• _Exercise details_
Look for the word "intro" in the records, and copy each line where it appears.

• _Provided data_
(* Let $N_{\mathrm{rx}}, N_{\mathrm{UE}} \ge 1$ and $1 \le r \le N_{\mathrm{rx}}$ be integers. For $j = 1,\dots,N_{\mathrm{UE}}$ let $\mathbf{Q}_j \in \mathbb{C}^{N_{\mathrm{rx}}\times N_{\mathrm{rx}}}$ be Hermitian positive semidefinite matrices and $\alpha_j > 0$ real numbers. Define $$\mathbf{Q} := \mathbf{I} + \sum_{j=1}^{N_{\mathrm{UE}}} \alpha_j \mathbf{Q}_j, \qquad \mathbf{R}_i := \mathbf{Q} - \alpha_i \mathbf{Q}_i = \mathbf{I} + \sum_{j\neq i}\alpha_j \mathbf{Q}_j$$ for a fixed index $i$. For an $r \times N_{\mathrm{rx}}$ complex matrix $\mathbf{G}$ of full row rank $r$, define $\tilde{\mathbf{R}}_i(\mathbf{G}) := \mathbf{G}\mathbf{R}_i\mathbf{G}^{\mathsf H}$ and $$\overline{C}_i(\mathbf{G}) := \log_2 \det\!\Big(\mathbf{I} + \mathbf{G}\mathbf{Q}_i\mathbf{G}^{\mathsf H}\,\tilde{\mathbf{R}}_i(\mathbf{G})^{-1}\Big).$$ Then a maximizer of $\overline{C}_i(\mathbf{G})$ over all such $\mathbf{G}$ is $$\mathbf{G}_i = \big[\mathbf{Q}_i^{1/2}\mathbf{Q}^{-1/2}\big]_r\,\mathbf{Q}^{-1/2},$$ where for a matrix $\mathbf{A}$, $[\mathbf{A}]_r$ denotes the $r\times N_{\mathrm{rx}}$ matrix whose rows are the (conjugate-transposed) right singular vectors of $\mathbf{A}$ corresponding to its $r$ largest singular values.
   Context: $\mathbf{Q}_i^{1/2}$ denotes the Hermitian positive semidefinite square root of $\mathbf{Q}_i$, and $\mathbf{Q}^{-1/2}$ the inverse of the Hermitian positive definite square root of $\mathbf{Q}$ (note $\mathbf{Q} \succeq \mathbf{I}$). If $\mathbf{A} = \mathbf{U}\boldsymbol{\Sigma}\mathbf{V}^{\mathsf H}$ is a singular value decomposition with singular values in nonincreasing order, $[\mathbf{A}]_r$ is the matrix formed by the first $r$ rows of $\mathbf{V}^{\mathsf H}$. Superscript $\mathsf H$ denotes conjugate transpose. (Interpretation: $\mathbf{Q}_j$ is the spatial covariance of the uplink channel of user $j$, $\alpha_j$ its transmit SNR, $\mathbf{G}$ a rank-$r$ receive projection for user $i$, and $\overline{C}_i$ a Jensen upper bound on the ergodic capacity of the projected system.) *)

theory Defs
  imports "Jordan_Normal_Form.Schur_Decomposition" "Jordan_Normal_Form.DL_Rank"
begin
text \<open>The summation argument in abstract form: \<open>Tu k\<close> and \<open>Tud\<close> stand for \<open>S\<^sub>h u\<^sub>k\<close> and
  \<open>S\<^sub>h u\<^sup>\<dagger>\<close>, \<open>Su k\<close> and \<open>Sud\<close> for \<open>S u\<^sub>k\<close> and \<open>S u\<^sup>\<dagger>\<close>, and \<open>E k\<close> for \<open>\<parallel>u\<^sub>k - u\<^sup>\<dagger>\<parallel>\<^sup>2\<close>.\<close>

lemma weighted_error_step:
  fixes Tu Su :: "nat \<Rightarrow> 'a::real_inner" and Tud Sud z w :: 'a and a E :: "nat \<Rightarrow> real"
    and \<delta> M C X :: real and k :: nat
  defines "c \<equiv> \<lambda>k. (1 / a k) *\<^sub>R (Tu k - Tud)"
    and "D \<equiv> \<delta> * (2 * norm (z - Sud) + 2 * \<delta> + M)"
    and "q \<equiv> - inner (Su k - Sud) (z - Sud)"
  assumes apos: "\<And>k. k \<ge> 1 \<Longrightarrow> a k > 0" and k: "k \<ge> 1"
    and Tu: "norm (Tu k - Su k) \<le> \<delta>" and Tud: "norm (Tud - Sud) \<le> \<delta>" and Su: "norm (Su k - Sud) \<le> M"
    and E: "E k \<le> (\<Sum>i=1..k. 1 / a i * inner (Tu k - Tud) (z - Tu i))
              - inner (Su k - Sud) w + C - X * inner (Su k - Sud) (z - Sud)"
  shows "1 / a k * E k \<le> 1 / a k * (gam a k * D) + 1 / a k * ((X - gam a k) * q)
       - inner (c k) (\<Sum>i=1..k. c i) - inner (c k) w + 1 / a k * (2 * \<delta> * norm w + C)"
proof -
  define y where "y = Tu k - Tud"
  have "(\<Sum>i=1..k. 1 / a i * inner y (z - Tu i)) = (\<Sum>i=1..k. 1 / a i * inner y (z - Tud) - inner y (c i))"
    by (intro sum.cong refl) (simp add: y_def c_def inner_diff_right algebra_simps)
  also have "\<dots> = gam a k * inner y (z - Tud) - inner y (\<Sum>i=1..k. c i)"
    by (simp add: sum_subtractf gam_def sum_distrib_right inner_sum_right)
  finally have sum_eq: "(\<Sum>i=1..k. 1 / a i * inner y (z - Tu i))
      = gam a k * inner y (z - Tud) - inner y (\<Sum>i=1..k. c i)" .
  have "inner y (z - Tud) \<le> - q + D"
    using inner_residual_perturbation[OF Tu Tud Su, of z] by (simp add: y_def q_def D_def)
  then have res: "gam a k * inner y (z - Tud) \<le> gam a k * (- q + D)"
    using gam_nonneg[of a, OF apos] by (rule mult_left_mono)
  have "inner (y - (Su k - Sud)) w \<le> norm (y - (Su k - Sud)) * norm w"
    by (rule order_trans[OF abs_ge_self Cauchy_Schwarz_ineq2])
  also have "\<dots> \<le> 2 * \<delta> * norm w"
    using norm_diff_perturbation[OF Tu Tud] by (simp add: y_def mult_right_mono)
  finally have "- inner (Su k - Sud) w \<le> - inner y w + 2 * \<delta> * norm w"
    by (simp add: inner_diff_left)
  then have "E k \<le> gam a k * D + (X - gam a k) * q - inner y (\<Sum>i=1..k. c i) - inner y w + (2 * \<delta> * norm w + C)"
    using E sum_eq res unfolding y_def by (simp add: q_def algebra_simps)
  then have "1 / a k * E k \<le> 1 / a k * (gam a k * D + (X - gam a k) * q - inner y (\<Sum>i=1..k. c i)
      - inner y w + (2 * \<delta> * norm w + C))"
    using apos[OF k] by (intro mult_left_mono) auto
  then show ?thesis by (simp add: c_def y_def algebra_simps)
qed
(* Let $q>9$ be an odd prime power which is a square, and let $a,b,c,d\in\mathbb{F}_q$ with $a\neq 0$. Put $\ell(x)=ax^{\sqrt{q}+1}+dx^{\sqrt{q}}+bx+c$. If there is a subset $D\subseteq\mathbb{F}_q$ with $|D|>q-\sqrt{q}/2+1/2$ such that $\ell(x)$ is a square in $\mathbb{F}_q$ (i.e. $\ell(x)=y^2$ for some $y\in\mathbb{F}_q$) for every $x\in D$, then $a^{\sqrt{q}}b=d^{\sqrt{q}}a$. *)

theory Defs
  imports Complex_Main "HOL-Computational_Algebra.Primes" "HOL-Library.Cardinality"
begin

end

theory Submission
  imports Defs "HOL-Number_Theory.Residues" "HOL-Computational_Algebra.Polynomial"
begin

text \<open>
  Write \<open>r = sqrt q = 2 m + 1\<close>. As \<open>x \<mapsto> x ^ r\<close> is additive, the substitution
  \<open>x \<mapsto> x + t\<close> with \<open>t = - d / a\<close> removes the \<open>x ^ r\<close> term of \<open>l(x)\<close> and leaves
  \<open>f(x) = a x ^ (r + 1) + e x + C\<close>, where \<open>e = a t ^ r + b\<close> vanishes exactly when
  \<open>a ^ r b = d ^ r a\<close>. Because \<open>x ^ q = x\<close>, the \<open>r\<close>-th power of \<open>f\<close> is again a polynomial
  \<open>g\<close> of degree \<open>r + 1\<close>, so \<open>h = g ^ m f ^ (m + 1) - f\<close> takes the values
  \<open>f(x) ^ ((q + 1) / 2) - f(x)\<close> and vanishes wherever \<open>f(x)\<close> is a square. If that happens at
  more than \<open>q - m\<close> points, multiplying \<open>h\<close> by the monic polynomial with the fewer than \<open>m\<close>
  remaining points as roots and by a power of \<open>X\<close> gives a polynomial of degree \<open>< 2 (q - 1)\<close>
  vanishing on the whole field; its coefficient of \<open>X ^ (q - 1)\<close> is minus the sum of its
  values, hence \<open>0\<close>. But this coefficient is the coefficient of \<open>X ^ (q - r)\<close> in
  \<open>g ^ m f ^ (m + 1)\<close>, which a binomial expansion identifies as
  \<open>(m + 1 choose 2) a ^ (r m + m - 1) e ^ 2 \<noteq> 0\<close>.
\<close>

text \<open>The library's \<open>finite_field_power_card_eq_same\<close> is stated for the sort \<open>finite_field\<close>,
  which a type variable of sort \<open>{field, finite}\<close> does not have.\<close>

lemma power_card_minus_one_eq_1:
  fixes x :: "'a::{field,finite}"
  assumes "x \<noteq> 0"
  shows "x ^ (CARD('a) - 1) = 1"
proof -
  let ?U = "UNIV - {0::'a}"
  have "bij_betw ((*) x) ?U ?U"
    by (rule bij_betw_byWitness[where f' = "\<lambda>y. y / x"]) (use assms in auto)
  then have "prod ((*) x) ?U = prod id ?U"
    using prod.reindex_bij_betw[of "(*) x" ?U ?U id] by simp
  moreover have "prod ((*) x) ?U = x ^ card ?U * prod id ?U"
    by (simp add: prod.distrib)
  moreover have "prod id ?U \<noteq> 0"
    by simp
  ultimately show ?thesis
    by (simp add: card_Diff_singleton)
qed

• _Result of the exercise_
    by (intro sum.cong refl) (simp add: y_def c_def inner_diff_right algebra_simps)
    using apos[OF k] by (intro mult_left_mono) auto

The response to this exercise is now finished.